# ID this shrimp please?



## chiahead (Dec 18, 2004)

sorry for the bad pics my photo store screwed up the negative processing I think.


----------



## turtlehead (Nov 27, 2004)

bumble bee shrimp


----------



## chiahead (Dec 18, 2004)

thats what I thought just making sure.


----------



## Piscesgirl (Feb 25, 2004)

What color is its head? I'm under the thought that Bumblebees have brown heads? Although I'm of the thought that all 'identifications' are somewhat suspect.


----------



## S (Oct 1, 2004)

Per Petshrimp.com...
_Many people confuse this shrimp with the bee shrimp. The distinction between the two is really very easy. With the bee shrimp the head is white, whereas the bumblebee shrimp has a black head._


----------



## kross (Apr 26, 2005)

S said:


> Per Petshrimp.com...
> _Many people confuse this shrimp with the bee shrimp.

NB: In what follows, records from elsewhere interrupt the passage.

lemma inj_V:
  assumes "2 \<le> j" "j \<le> q + 2"
  shows "inj ((*v) (V j))"
  by (rule matrix_surj_imp_inj, rule surjI[of _ "\<lambda>b. y (q + 3) (msg_at (X j) b)"])
    (rule V_e_vector_msg_at_own[OF assms])

lemma e_vector_last_msg_at_surj:
  assumes "2 \<le> j" "j \<le> q + 2"
  shows "\<exists>b. y (q + 3) (msg_at (X j) b) = w"
  using injD[OF inj_V[OF assms] V_e_vector_msg_at_own[OF assms, of "V j *v w"]] by blast

lemma obtain_other_index:
  obtains k where "2 \<le> k" "k \<le> q + 2" "k \<noteq> i"
proof (cases "i = 2")
  case True
  then show ?thesis using two_le_q by (intro that[of 3]) auto
next
  case False
  then show ?thesis by (intro that[of 2]) auto
qed

lemma inj_U:
  assumes i: "2 \<le> i" "i \<le> q + 2"
  shows "inj ((*v) (U i))"
proof (rule matrix_surj_imp_inj, unfold surj_def, intro allI)
  fix w
  obtain k where k: "2 \<le> k" "k \<le> q + 2" "k \<noteq> i" by (rule obtain_other_index)
  obtain b where b: "y (q + 3) (msg_at (X k) b) = y (q + 3) (msg_at (X i) (- w))"
    using e_vector_last_msg_at_surj[OF k(1,2)] by blast
  have "msg_at (X k) b (X i) =
      U i *v y i (msg_at (X k) b) + V i *v y (q + 3) (msg_at (X k) b)"
    by (rule decode_R[OF i]) (use k in \<open>auto simp: msg_at_def\<close>)
  then have "U i *v y i (msg_at (X k) b) = w"
    using k b V_e_vector_msg_at_own[OF i] by (simp add: msg_at_def)
  then show "\<exists>v. w = U i *v v" by metis
qed

lemma e_vector_determined:
  assumes i: "2 \<le> i" "i \<le> q + 2"
    and S_silent: "i = 2 \<or> i = 3 \<Longrightarrow> x S = 0 \<and> x' S = 0"
    and X1_silent: "i = q + 2 \<Longrightarrow> x (X 1) = 0 \<and> x' (X 1) = 0"
    and same: "x (X i) = x' (X i)" "y (q + 3) x = y (q + 3) x'"
  shows "y i x = y i x'"
proof -
  have "x (X i) = U i *v y i x + V i *v y (q + 3) x"
    by (rule decode_R[OF i]) (use S_silent X1_silent in blast)+
  moreover have "x' (X i) = U i *v y i x' + V i *v y (q + 3) x'"
    by (rule decode_R[OF i]) (use S_silent X1_silent in blast)+
  ultimately have "U i *v y i x = U i *v y i x'"
    using same by simp
  then show ?thesis by (rule injD[OF inj_U[OF i]])
qed

end

locale char_q_s_solution_q_nonzero = char_q_s_solution q K A B
  for q :: nat
    and K :: "edge \<Rightarrow> 'a::field^'n^'n"
    and A :: "edge \<Rightarrow> edge \<Rightarrow> 'a^'n^'n"
    and B :: "node \<Rightarrow> node \<Rightarrow> edge \<Rightarrow> 'a^'n^'n" +
  assumes q_nonzero: "of_nat q \<noteq> (0::'a)"
begin

lemma sum_W_e_vector_msg_at_X:
  assumes "2 \<le> k"
  shows "(\<Sum>i = 2..q + 2. W i *v y i (msg_at (X k) c)) = 0"
proof -
  have "y 1 (msg_at (X k) c) = 0"
    by (rule e_vector_eq_0) (use assms non_edges(2) in \<open>auto simp: msg_at_def\<close>)
  then show ?thesis using decode_R_last[of "msg_at (X k) c"] assms by (simp add: msg_at_def)
qed

lemma W_e_vector_msg_at_X_eq_0:
  assumes i: "2 \<le> i" "i \<le> q + 2" and j: "2 \<le> j" "j \<le> q + 2" "i \<noteq> j"
  shows "W i *v y i (msg_at (X j) b) = 0"
proof -
  define I where "I = {2..q + 2}"
  define w where "w = y (q + 3) (msg_at (X j) b)"
  have "\<forall>k\<in>I. \<exists>c. y (q + 3) (msg_at (X k) c) = w"
    using e_vector_last_msg_at_surj unfolding I_def by auto
  from bchoice[OF this] obtain c0 where c0: "\<forall>k\<in>I. y (q + 3) (msg_at (X k) (c0 k)) = w" ..
  define c where "c = c0(j := b)"
  have c: "y (q + 3) (msg_at (X k) (c k)) = w" if "k \<in> I" for k
    using that c0 unfolding c_def w_def by simp
  define G where "G i' k = W i' *v y i' (msg_at (X k) (c k))" for i' k
  have "G i j = 0"
  proof (rule eq_0_if_rows_const_off_diag_and_col_sums_eq_0[where I = I and q = q])
    show "G k k = 0" if "k \<in> I" for k
      using that e_vector_msg_at_own[of k "c k"] unfolding G_def I_def by simp
    show "G i' k = G i' l" if "i' \<in> I" "k \<in> I" "l \<in> I" "k \<noteq> i'" "l \<noteq> i'" for i' k l
    proof -
      have "y i' (msg_at (X k) (c k)) = y i' (msg_at (X l) (c l))"
      proof (rule e_vector_determined)
        show "y (q + 3) (msg_at (X k) (c k)) = y (q + 3) (msg_at (X l) (c l))"
          using c that(2,3) by simp
      qed (use that in \<open>auto simp: I_def msg_at_def\<close>)
      then show ?thesis unfolding G_def by simp
    qed
    show "(\<Sum>i'\<in>I. G i' k) = 0" if "k \<in> I" for k
      using that sum_W_e_vector_msg_at_X[of k "c k"] unfolding G_def I_def by simp
  qed (use i j q_nonzero in \<open>simp_all add: I_def\<close>)
  then show ?thesis by (simp add: G_def c_def)
qed

text \<open>Restricting \<open>x\<close> to the sources feeding \<open>m\<^sub>i\<close> silences \<open>s\<close> for \<open>i \<in> {2, 3}\<close> and
  \<open>x\<^sub>1\<close> for \<open>i = q + 2\<close> without changing \<open>y\<^sub>i\<close>, so no condition on \<open>x\<close> is needed.\<close>

lemma W_e_vector_eq_0:
  assumes i: "2 \<le> i" "i \<le> q + 2"
  shows "W i *v y i x = 0"
proof -
  define x' where "x' a = (if (a, M i) \<in> edges q then x a else 0)" for a
  have restrict: "y i x = y i x'" by (rule e_vector_cong) (simp add: x'_def)
  obtain k where k: "2 \<le> k" "k \<le> q + 2" "k \<noteq> i" by (rule obtain_other_index)
  obtain c where c: "y (q + 3) (msg_at (X k) c) = y (q + 3) x'"
    using e_vector_last_msg_at_surj[OF k(1,2)] by blast
  have "y i x' = y i (msg_at (X k) c)"
  proof (rule e_vector_determined[OF i])
    show "x' S = 0 \<and> msg_at (X k) c S = 0" if "i = 2 \<or> i = 3"
      using that non_edges(3,4) by (auto simp: x'_def msg_at_def)
    show "x' (X 1) = 0 \<and> msg_at (X k) c (X 1) = 0" if "i = q + 2"
      using that k non_edges(5) by (auto simp: x'_def msg_at_def)
    show "x' (X i) = msg_at (X k) c (X i)"
      using i k non_edges(1) by (simp add: x'_def msg_at_def)
  qed (use c in simp)
  then show ?thesis using restrict W_e_vector_msg_at_X_eq_0[OF i k(1,2)] k(3) by simp
qed

lemma decode_X1_from_e1: "x (X 1) = W 1 *v y 1 x"
proof -
  have "(\<Sum>i = 2..q + 2. W i *v y i x) = 0"
    by (rule sum.neutral) (simp add: W_e_vector_eq_0)
  then show ?thesis using decode_R_last[of x] by simp
qed

lemma s_coeff_e1_eq_0: "s_coeff_e1 K A = 0"
proof -
  have "W 1 *v y 1 (msg_at (X 1) b) = b" for b
    using decode_X1_from_e1[of "msg_at (X 1) b"] msg_at_def[of "X 1" b] by metis
  then have inj_W1: "inj ((*v) (W 1))"
    by (intro matrix_surj_imp_inj surjI[of _ "\<lambda>b. y 1 (msg_at (X 1) b)"])
  have y1_S: "y 1 (msg_at S a) = s_coeff_e1 K A *v a" for a
    unfolding M_out_def in_edges_M1 s_coeff_e1_def by (simp add: msg_at_def matrix_vector_mul_assoc)
  have "W 1 *v y 1 (msg_at S a) = W 1 *v 0" for a
    using decode_X1_from_e1[of "msg_at S a"] by (simp add: msg_at_def)
  then have "s_coeff_e1 K A *v a = 0" for a using inj_W1 y1_S by (metis injD)
  then show ?thesis by (simp add: matrix_eq)
qed

end

theorem lemma2:
  fixes q p :: nat
    and K :: "edge \<Rightarrow> 'a::{finite,field}^'n::finite^'n"
    and A :: "edge \<Rightarrow> edge \<Rightarrow> 'a^'n^'n"
    and B :: "node \<Rightarrow> node \<Rightarrow> edge \<Rightarrow> 'a^'n^'n"
  assumes "q \<ge> 2"
    and "prime p"
    and "\<not> p dvd q"
    and "CHAR('a) = p"
    and "is_VLNC_solution q K A B"
  shows "s_coeff_e1 K A = 0"
proof -
  have "of_nat q \<noteq> (0::'a)" using assms(3,4) by (simp add: of_nat_eq_0_iff_char_dvd)
  then interpret char_q_s_solution_q_nonzero q K A B
    using assms(1,5) by unfold_locales
  show ?thesis by (rule s_coeff_e1_eq_0)
qed

end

The distinction between the two is really very easy. With the bee shrimp the head is white, whereas the bumblebee shrimp has a black head._


can a crs cross with a bumble bee then?


----------



## Piscesgirl (Feb 25, 2004)

It is speculated that it is possible; however, I haven't heard of it yet.


----------



## richy (Nov 8, 2004)

i don't believe CRS can cross-breed with bumble bee. my understanding is that they are different species. CRS can cross with a bee, however, since they are derivatives of the bee shrimp.


----------



## Raul-7 (Feb 4, 2004)

Since it clearly has a blackhead, it is clearly a bumblebee shrimp. Why would you say it's a cross?


----------